ACTIVITY » From the line containing "(auto simp: card_Un_disjoint)" to the last line of the records, reproduce every line exactly and print nothing else.

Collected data
▽
text \<open>A partition \<open>\<lambda>\<close> is encoded by its Maya diagram \<open>{\<lambda>\<^sub>i - i - 1 | i \<ge> 0} \<subseteq> \<int>\<close>
  (0-indexed rows, \<open>\<lambda>\<^sub>i = 0\<close> beyond the length). Hooks of length \<open>t\<close> are the beads \<open>y\<close> whose
  position \<open>y - t\<close> is empty, and conjugation maps the diagram to the complement of its
  reflection \<open>y \<mapsto> -y-1\<close>. So a self-conjugate \<open>\<lambda>\<close> is determined by the nonnegative part
  \<open>D\<close> of its diagram, and \<open>{2y + 1 | y \<in> D}\<close> are its diagonal hooks: a partition of \<open>|\<lambda>|\<close> into
  distinct odd parts, whence \<open>sc = q\<^sup>\<star>\<close>.

  Sliding the bead of a \<open>t\<close>-hook down by \<open>t\<close> together with its mirror image (kept apart
  because \<open>t\<close> is even) lowers the size by \<open>2t\<close>. This matches the \<open>t\<close>-hooks of self-conjugate
  partitions of \<open>n\<close> with the beads that can move up by \<open>t\<close> in self-conjugate partitions of
  \<open>n - 2t\<close>, and every diagram has exactly \<open>t\<close> more of the latter than \<open>t\<close>-hooks. Hence
  \<open>a\<^sup>\<star>\<^sub>t(n) = a\<^sup>\<star>\<^sub>t(n - 2t) + t sc(n - 2t)\<close>; iterating gives the formula for \<open>a\<^sup>\<star>\<^sub>t(n)\<close>, and the
  generating function follows from \<open>\<Sum>\<^sub>n sc(n) q^n = \<Prod>\<^sub>j (1 + q^(2j+1))\<close>.\<close>

section \<open>Maya diagrams\<close>

definition partition_fun :: "(nat \<Rightarrow> nat) \<Rightarrow> nat \<Rightarrow> bool" where
  "partition_fun f L \<longleftrightarrow> antimono f \<and> (\<forall>i\<ge>L. f i = 0)"

definition conj_fun :: "(nat \<Rightarrow> nat) \<Rightarrow> nat \<Rightarrow> nat" where
  "conj_fun f j = card {i. j < f i}"

definition beta :: "(nat \<Rightarrow> nat) \<Rightarrow> nat \<Rightarrow> int" where
  "beta f i = int (f i) - int i - 1"

definition maya :: "(nat \<Rightarrow> nat) \<Rightarrow> int set" where
  "maya f = range (beta f)"

lemma partition_funD:
  assumes "partition_fun f L"
  shows "i \<le> j \<Longrightarrow> f j \<le> f i" and "L \<le> i \<Longrightarrow> f i = 0"
  using assms unfolding partition_fun_def by (auto dest: antimonoD)

lemma downward_closed_eq_lessThan:
  assumes closed: "\<And>i j. i \<le> j \<Longrightarrow> P j \<Longrightarrow> P i" and fin: "finite {i::nat. P i}"
  shows "{i. P i} = {..<card {i. P i}}"
proof -
  have ex: "\<exists>i. \<not> P i"
    using fin by (metis finite_nat_set_iff_bounded mem_Collect_eq order_less_irrefl)
  define k where "k = (LEAST i. \<not> P i)"
  have "\<not> P k" unfolding k_def using ex by (rule LeastI_ex)
  then have "{i. P i} = {..<k}"
    using closed not_less_Least[of _ "\<lambda>i. \<not> P i"] unfolding k_def
    by (metis lessThan_iff mem_Collect_eq not_le subsetI subset_antisym)
  then show ?thesis by simp
qed

lemma partition_fun_finite_support:
  assumes "partition_fun f L" shows "finite {i. j < f i}"
proof -
  have "i < L" if "j < f i" for i using partition_funD(2)[OF assms, of i] that by (cases "L \<le> i") auto
  then have "{i. j < f i} \<subseteq> {..<L}" by blast
  then show ?thesis using finite_subset by blast
qed

lemma less_conj_fun_iff:
  assumes "partition_fun f L" shows "j < f i \<longleftrightarrow> i < conj_fun f j"
proof -
  have "{i. j < f i} = {..<conj_fun f j}" unfolding conj_fun_def
    using partition_funD(1)[OF assms] partition_fun_finite_support[OF assms]
    by (intro downward_closed_eq_lessThan) (auto intro: less_le_trans)
  then show ?thesis by (metis lessThan_iff mem_Collect_eq)
qed

lemma partition_fun_conj_fun:
  assumes "partition_fun f L" shows "partition_fun (conj_fun f) (f 0)"
  unfolding partition_fun_def
proof safe
  show "antimono (conj_fun f)"
  proof
    fix i j :: nat assume "i \<le> j"
    then have "{k. j < f k} \<subseteq> {k. i < f k}" by auto
    then show "conj_fun f j \<le> conj_fun f i"
      unfolding conj_fun_def by (intro card_mono partition_fun_finite_support[OF assms])
  qed
next
  fix i assume "f 0 \<le> i"
  then have "f k \<le> i" for k using partition_funD(1)[OF assms, of 0 k] by simp
  then have "{k. i < f k} = {}" by (auto simp: not_less[symmetric])
  then show "conj_fun f i = 0" unfolding conj_fun_def by simp
qed

lemma conj_fun_0_le:
  assumes "partition_fun f L" shows "conj_fun f 0 \<le> L"
proof -
  have "i < L" if "0 < f i" for i using partition_funD(2)[OF assms, of i] that by (cases "L \<le> i") auto
  then have "{i. 0 < f i} \<subseteq> {..<L}" by blast
  then show ?thesis unfolding conj_fun_def by (metis card_lessThan card_mono finite_lessThan)
qed

lemma beta_strict_antimono: "partition_fun f L \<Longrightarrow> i < j \<Longrightarrow> beta f j < beta f i"
  using partition_funD(1)[of f L i j] unfolding beta_def by simp

lemma inj_beta: "partition_fun f L \<Longrightarrow> inj (beta f)"
  by (metis beta_strict_antimono injI less_irrefl nat_neq_iff)

lemma beta_less: "partition_fun f L \<Longrightarrow> beta f i < int (f 0)"
  using partition_funD(1)[of f L 0 i] unfolding beta_def by simp

lemma beta_beyond: "partition_fun f L \<Longrightarrow> L \<le> i \<Longrightarrow> beta f i = - int i - 1"
  using partition_funD(2) unfolding beta_def by simp

lemma maya_below: "partition_fun f L \<Longrightarrow> y \<le> - int L - 1 \<Longrightarrow> y \<in> maya f"
  unfolding maya_def by (rule image_eqI[where x = "nat (- y - 1)"]) (auto simp: beta_beyond)

lemma maya_above: "partition_fun f L \<Longrightarrow> int (f 0) \<le> y \<Longrightarrow> y \<notin> maya f"
  unfolding maya_def using beta_less by (metis not_le rangeE)

lemma beta_conj_fun_ne:
  assumes "partition_fun f L" shows "beta (conj_fun f) j \<noteq> - beta f i - 1"
  using less_conj_fun_iff[OF assms, of j i] unfolding beta_def by auto

lemma maya_window:
  assumes "partition_fun f L" and "L \<le> N" and "f 0 \<le> N"
  shows "maya f \<inter> {- int N..<int N} = beta f ` {..<N}"
proof (rule set_eqI, rule iffI)
  fix y assume "y \<in> maya f \<inter> {- int N..<int N}"
  then obtain i where y: "y = beta f i" "- int N \<le> y" unfolding maya_def by auto
  have "i < N"
  proof (rule ccontr)
    assume "\<not> i < N"
    then show False using y beta_beyond[OF assms(1), of i] assms(2) by simp
  qed
  then show "y \<in> beta f ` {..<N}" using y by auto
next
  fix y assume "y \<in> beta f ` {..<N}"
  then obtain i where "i < N" "y = beta f i" by auto
  then show "y \<in> maya f \<inter> {- int N..<int N}"
    using beta_less[OF assms(1), of i] assms(3) unfolding maya_def beta_def by auto
qed

lemma card_maya_window:
  assumes "partition_fun f L" and "L \<le> N" and "f 0 \<le> N"
  shows "card (maya f \<inter> {- int N..<int N}) = N"
  using maya_window[OF assms] card_image[OF inj_on_subset[OF inj_beta[OF assms(1)]]] by simp

lemma maya_conj_fun_window:
  assumes f: "partition_fun f L" and N: "N = L + f 0" and y: "y \<in> {- int N..<int N}"
  shows "y \<in> maya (conj_fun f) \<longleftrightarrow> - y - 1 \<notin> maya f"
proof -
  define W where "W = {- int N..<int N}"
  define A where "A = maya (conj_fun f) \<inter> W"
  define B where "B = (\<lambda>y. - y - 1) ` (maya f \<inter> W)"
  have "card A = N" unfolding A_def W_def
    using conj_fun_0_le[OF f] N by (intro card_maya_window[OF partition_fun_conj_fun[OF f]]) auto
  moreover have "card B = N" unfolding B_def W_def
    using card_maya_window[OF f, of N] N by (subst card_image) (auto intro: inj_onI)
  moreover have disj: "A \<inter> B = {}"
    using beta_conj_fun_ne[OF f] unfolding A_def B_def maya_def by (auto simp: eq_commute)
  moreover have "A \<subseteq> W" "B \<subseteq> W" "finite W" "card W = 2 * N" unfolding A_def B_def W_def by auto
  moreover have "finite A" "finite B" using calculation finite_subset by blast+
  ultimately have "A \<union> B = W" by (intro card_subset_eq) (auto simp: card_Un_disjoint)
  moreover have "y \<in> B \<longleftrightarrow> - y - 1 \<in> maya f"
    using y unfolding B_def W_def by (auto intro: rev_image_eqI[where x = "- y - 1"])
  ultimately show ?thesis using disj y unfolding A_def W_def by blast
qed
△
YOUR RESPONSE »
  ultimately have "A \<union> B = W" by (intro card_subset_eq) (auto simp: card_Un_disjoint)
  moreover have "y \<in> B \<longleftrightarrow> - y - 1 \<in> maya f"
    using y unfolding B_def W_def by (auto intro: rev_image_eqI[where x = "- y - 1"])
  ultimately show ?thesis using disj y unfolding A_def W_def by blast
qed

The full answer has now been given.